[Dataset records]
(* Let $V$ be an $n$-dimensional complex vector space, $\Lambda(V\otimes V^* )$ the exterior algebra on $V\otimes V^*$, and $X=(x_{ij})_{1\le i,j\le n}\in\operatorname{Mat}_{n,n}(\Lambda(V\otimes V^* ))$. Then $$nX^{2n-1}-\operatorname{tr}(X^1)X^{2n-2}-\operatorname{tr}(X^3)X^{2n-4}-\cdots-\operatorname{tr}(X^{2n-3})X^2-\operatorname{tr}(X^{2n-1})X^0=0,$$ i.e. $nX^{2n-1}-\sum_{k=0}^{n-1}\operatorname{tr}(X^{2k+1})X^{2n-2-2k}=0$, where $X^0$ is the identity matrix.
   Context: $e_1,\ldots,e_n$ is a basis of $V$, $e_i^*$ its dual basis, $x_{ij}=e_i\otimes e_j^*$ is the standard basis of $V\otimes V^*$. Products in the exterior algebra are wedge products; matrix products are taken with entries multiplied in the order written. *)

theory Defs
  imports Complex_Main
begin

text \<open>Exterior algebra on the n^2-dimensional complex vector space with basis
  x_ij = e_i (x) e_j^* (0 <= i,j < n), encoded by the index i*n+j.
  An element is its coefficient function on monomials: a finite set S of
  basis indices stands for the wedge product of the basis vectors in S
  taken in increasing order.\<close>

type_synonym ext = "nat set \<Rightarrow> complex"

definition ext_zero :: ext where "ext_zero = (\<lambda>S. 0)"
definition ext_one :: ext where "ext_one = (\<lambda>S. if S = {} then 1 else 0)"
definition ext_add :: "ext \<Rightarrow> ext \<Rightarrow> ext" where "ext_add a b = (\<lambda>S. a S + b S)"
definition ext_diff :: "ext \<Rightarrow> ext \<Rightarrow> ext" where "ext_diff a b = (\<lambda>S. a S - b S)"
definition ext_smul :: "complex \<Rightarrow> ext \<Rightarrow> ext" where "ext_smul c a = (\<lambda>S. c * a S)"

text \<open>Sign of reordering e_S /\ e_T into increasing order (S, T disjoint).\<close>
definition ext_sign :: "nat set \<Rightarrow> nat set \<Rightarrow> complex" where
  "ext_sign S T = (-1) ^ card {(s, t). s \<in> S \<and> t \<in> T \<and> t < s}"

definition ext_mul :: "ext \<Rightarrow> ext \<Rightarrow> ext" where
  "ext_mul a b = (\<lambda>U. \<Sum>S\<in>Pow U. ext_sign S (U - S) * a S * b (U - S))"

definition ext_gen :: "nat \<Rightarrow> ext" where
  "ext_gen m = (\<lambda>S. if S = {m} then 1 else 0)"

definition ext_sum :: "('a \<Rightarrow> ext) \<Rightarrow> 'a set \<Rightarrow> ext" where
  "ext_sum f A = (\<lambda>S. \<Sum>a\<in>A. f a S)"

text \<open>n x n matrices over the exterior algebra (entries for i,j < n are relevant).\<close>
type_synonym emat = "nat \<Rightarrow> nat \<Rightarrow> ext"

definition genX :: "nat \<Rightarrow> emat" where
  "genX n = (\<lambda>i j. ext_gen (i * n + j))"

definition emat_mul :: "nat \<Rightarrow> emat \<Rightarrow> emat \<Rightarrow> emat" where
  "emat_mul n A B = (\<lambda>i j. ext_sum (\<lambda>k. ext_mul (A i k) (B k j)) {..<n})"

definition emat_id :: emat where
  "emat_id = (\<lambda>i j. if i = j then ext_one else ext_zero)"

primrec emat_pow :: "nat \<Rightarrow> emat \<Rightarrow> nat \<Rightarrow> emat" where
  "emat_pow n A 0 = emat_id"
| "emat_pow n A (Suc m) = emat_mul n (emat_pow n A m) A"

definition emat_tr :: "nat \<Rightarrow> emat \<Rightarrow> ext" where
  "emat_tr n A = ext_sum (\<lambda>i. A i i) {..<n}"

end

theory Submission
  imports Defs "Jordan_Normal_Form.Determinant"
begin

text \<open>
  The entries \<open>x\<^sub>i\<^sub>j\<close> are odd elements of the exterior algebra. By Rosset's theorem an
  \<open>n \<times> n\<close> matrix \<open>A\<close> with odd entries satisfies \<open>A\<^sup>2\<^sup>n = 0\<close>: the entries of \<open>A\<^sup>2\<close> lie in the
  commutative even subalgebra, every \<open>tr (A\<^sup>2\<^sup>k)\<close> vanishes because odd elements anticommute, and
  over a torsion-free commutative ring an \<open>n \<times> n\<close> matrix whose powers are all traceless has
  vanishing \<open>n\<close>-th power. Apply this to \<open>X\<close> and to \<open>X + e E\<^sub>p\<^sub>q\<close>, where \<open>e\<close> is a generator
  not occurring in \<open>X\<close>: the part of \<open>(X + e E\<^sub>p\<^sub>q)\<^sup>2\<^sup>n\<close> linear in \<open>e\<close> vanishes, and moving \<open>e\<close>
  to the right and cancelling it gives \<open>\<Sum>\<^sub>a \<plusminus>(X\<^sup>a)\<^sub>p\<^sub>p (X\<^sup>2\<^sup>n\<^sup>-\<^sup>1\<^sup>-\<^sup>a)\<^sub>q\<^sub>j = 0\<close>. Summing over
  \<open>p\<close> produces the traces \<open>tr (X\<^sup>a)\<close>, of which the even ones vanish except \<open>tr (X\<^sup>0) = n\<close>.
\<close>

section \<open>Formal derivatives and Jacobi's formula\<close>

text \<open>The library's \<open>pderiv\<close> requires a ring without zero divisors, which the even part of an
  exterior algebra is not.\<close>

lift_definition formal_deriv :: "'a::comm_semiring_1 poly \<Rightarrow> 'a poly"
  is "\<lambda>p k. of_nat (Suc k) * coeff p (Suc k)"
proof -
  fix p :: "'a poly"
  have "\<forall>\<^sub>\<infinity> k. coeff p (Suc k) = 0"
    using MOST_coeff_eq_0[of p] unfolding MOST_nat by (metis Suc_lessD less_Suc_eq)
  then show "\<forall>\<^sub>\<infinity> k. of_nat (Suc k) * coeff p (Suc k) = 0"
    by (rule MOST_mono) simp
qed

lemma coeff_formal_deriv: "coeff (formal_deriv p) k = of_nat (Suc k) * coeff p (Suc k)"
  by transfer simp

lemma formal_deriv_0 [simp]: "formal_deriv 0 = 0"
  by (rule poly_eqI) (simp add: coeff_formal_deriv)

lemma formal_deriv_1 [simp]: "formal_deriv 1 = 0"
  by (rule poly_eqI) (simp add: coeff_formal_deriv)

lemma formal_deriv_add: "formal_deriv (p + q) = formal_deriv p + formal_deriv q"
  by (rule poly_eqI) (simp add: coeff_formal_deriv algebra_simps)

lemma formal_deriv_diff:
  "formal_deriv (p - q :: 'a::comm_ring_1 poly) = formal_deriv p - formal_deriv q"
  by (rule poly_eqI) (simp add: coeff_formal_deriv algebra_simps)

lemma formal_deriv_smult: "formal_deriv (smult a p) = smult a (formal_deriv p)"
  by (rule poly_eqI) (simp add: coeff_formal_deriv algebra_simps)

lemma formal_deriv_pCons: "formal_deriv (pCons a p) = p + pCons 0 (formal_deriv p)"
  by (rule poly_eqI) (auto simp: coeff_formal_deriv coeff_pCons algebra_simps split: nat.split)

lemma formal_deriv_mult: "formal_deriv (p * q) = p * formal_deriv q + q * formal_deriv p"
  by (induct p) (auto simp: formal_deriv_add formal_deriv_smult formal_deriv_pCons algebra_simps)

lemma formal_deriv_sum: "formal_deriv (sum f A) = (\<Sum>a\<in>A. formal_deriv (f a))"
  by (induct A rule: infinite_finite_induct) (auto simp: formal_deriv_add)

lemma formal_deriv_prod:
  "formal_deriv (prod f A) = (\<Sum>a\<in>A. prod f (A - {a}) * formal_deriv (f a))"
proof (induct A rule: infinite_finite_induct)
  case (insert a A)
  have "prod f (insert a A - {b}) = f a * prod f (A - {b})" if "b \<in> A" for b
  proof -
    from \<open>a \<notin> A\<close> that have "insert a A - {b} = insert a (A - {b})"
      by auto
    then show ?thesis
      using insert(1,2) by simp
  qed
  with insert show ?case
    by (auto simp: formal_deriv_mult sum_distrib_left ac_simps intro!: sum.cong)
qed (auto simp: poly_eq_iff coeff_formal_deriv)

lemma formal_deriv_of_int_mult:
  "formal_deriv (of_int k * (q::'a::comm_ring_1 poly)) = of_int k * formal_deriv q"
proof -
  have "formal_deriv (of_int k :: 'a poly) = 0"
    by (rule poly_eqI) (simp add: coeff_formal_deriv of_int_poly)
  then show ?thesis
    by (simp add: formal_deriv_mult)
qed

lemma formal_deriv_det:
  fixes M :: "'a::comm_ring_1 poly mat"
  assumes M: "M \<in> carrier_mat n n"
  shows "formal_deriv (det M) = (\<Sum>a<n. \<Sum>j<n. formal_deriv (M $$ (a,j)) * cofactor M a j)"
proof -
  define Ma where
    "Ma a = mat n n (\<lambda>(i,j). if i = a then formal_deriv (M $$ (i,j)) else M $$ (i,j))" for a
  have Ma: "Ma a \<in> carrier_mat n n" for a
    unfolding Ma_def by auto
  have "det (Ma a) = (\<Sum>j<n. formal_deriv (M $$ (a,j)) * cofactor M a j)" if a: "a < n" for a
  proof -
    have "mat_delete (Ma a) a j = mat_delete M a j" if "j < n" for j
      using M a that unfolding Ma_def mat_delete_def by (auto intro!: eq_matI)
    then show ?thesis
      using a unfolding laplace_expansion_row[OF Ma a] cofactor_def
      by (auto simp: Ma_def intro!: sum.cong)
  qed
  moreover have "det (Ma a) = (\<Sum>p | p permutes {0..<n}. signof p *
      ((\<Prod>i\<in>{0..<n} - {a}. M $$ (i, p i)) * formal_deriv (M $$ (a, p a))))"
    if a: "a < n" for a
    unfolding det_def'[OF Ma]
  proof (rule sum.cong[OF refl])
    fix p assume "p \<in> {p. p permutes {0..<n}}"
    then have pi: "i < n \<Longrightarrow> p i < n" for i
      by (simp add: permutes_in_image)
    have "(\<Prod>i = 0..<n. Ma a $$ (i, p i)) =
        Ma a $$ (a, p a) * (\<Prod>i\<in>{0..<n} - {a}. Ma a $$ (i, p i))"
      using a by (subst prod.remove[of _ a]) auto
    also have "\<dots> = formal_deriv (M $$ (a, p a)) * (\<Prod>i\<in>{0..<n} - {a}. M $$ (i, p i))"
      using a pi by (auto simp: Ma_def intro!: prod.cong)
    finally show "signof p * (\<Prod>i = 0..<n. Ma a $$ (i, p i)) = signof p *
        ((\<Prod>i\<in>{0..<n} - {a}. M $$ (i, p i)) * formal_deriv (M $$ (a, p a)))"
      by (simp add: ac_simps)
  qed
  moreover have "formal_deriv (det M) = (\<Sum>p | p permutes {0..<n}. \<Sum>a\<in>{0..<n}. signof p *
      ((\<Prod>i\<in>{0..<n} - {a}. M $$ (i, p i)) * formal_deriv (M $$ (a, p a))))"
    by (simp add: det_def'[OF M] formal_deriv_sum formal_deriv_of_int_mult formal_deriv_prod
        sum_distrib_left)
  ultimately show ?thesis
    by (subst (asm) sum.swap) (auto simp: atLeast0LessThan intro!: sum.cong)
qed

section \<open>Matrices with traceless powers\<close>

definition mat_trace :: "'a::comm_monoid_add mat \<Rightarrow> 'a" where
  "mat_trace A = (\<Sum>i<dim_row A. A $$ (i,i))"

lemma mat_trace_carrier: "A \<in> carrier_mat n m \<Longrightarrow> mat_trace A = (\<Sum>i<n. A $$ (i,i))"
  unfolding mat_trace_def by simp

lemma index_mult_mat_sum:
  "A \<in> carrier_mat n m \<Longrightarrow> B \<in> carrier_mat m k \<Longrightarrow> i < n \<Longrightarrow> j < k \<Longrightarrow>
    (A * B) $$ (i,j) = (\<Sum>l<m. A $$ (i,l) * B $$ (l,j))"
  by (simp add: scalar_prod_def atLeast0LessThan)

lemma index_pow_mat_Suc:
  "A \<in> carrier_mat n n \<Longrightarrow> i < n \<Longrightarrow> j < n \<Longrightarrow>
    (A ^\<^sub>m Suc k) $$ (i,j) = (\<Sum>l<n. (A ^\<^sub>m k) $$ (i,l) * A $$ (l,j))"
  by (simp only: pow_mat.simps) (rule index_mult_mat_sum[OF pow_carrier_mat])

■ **WORK REQUIRED**: A single number is expected: the count of lines in the entries that carry the string "forall".

■ **RESULT OF THIS TASK**: 2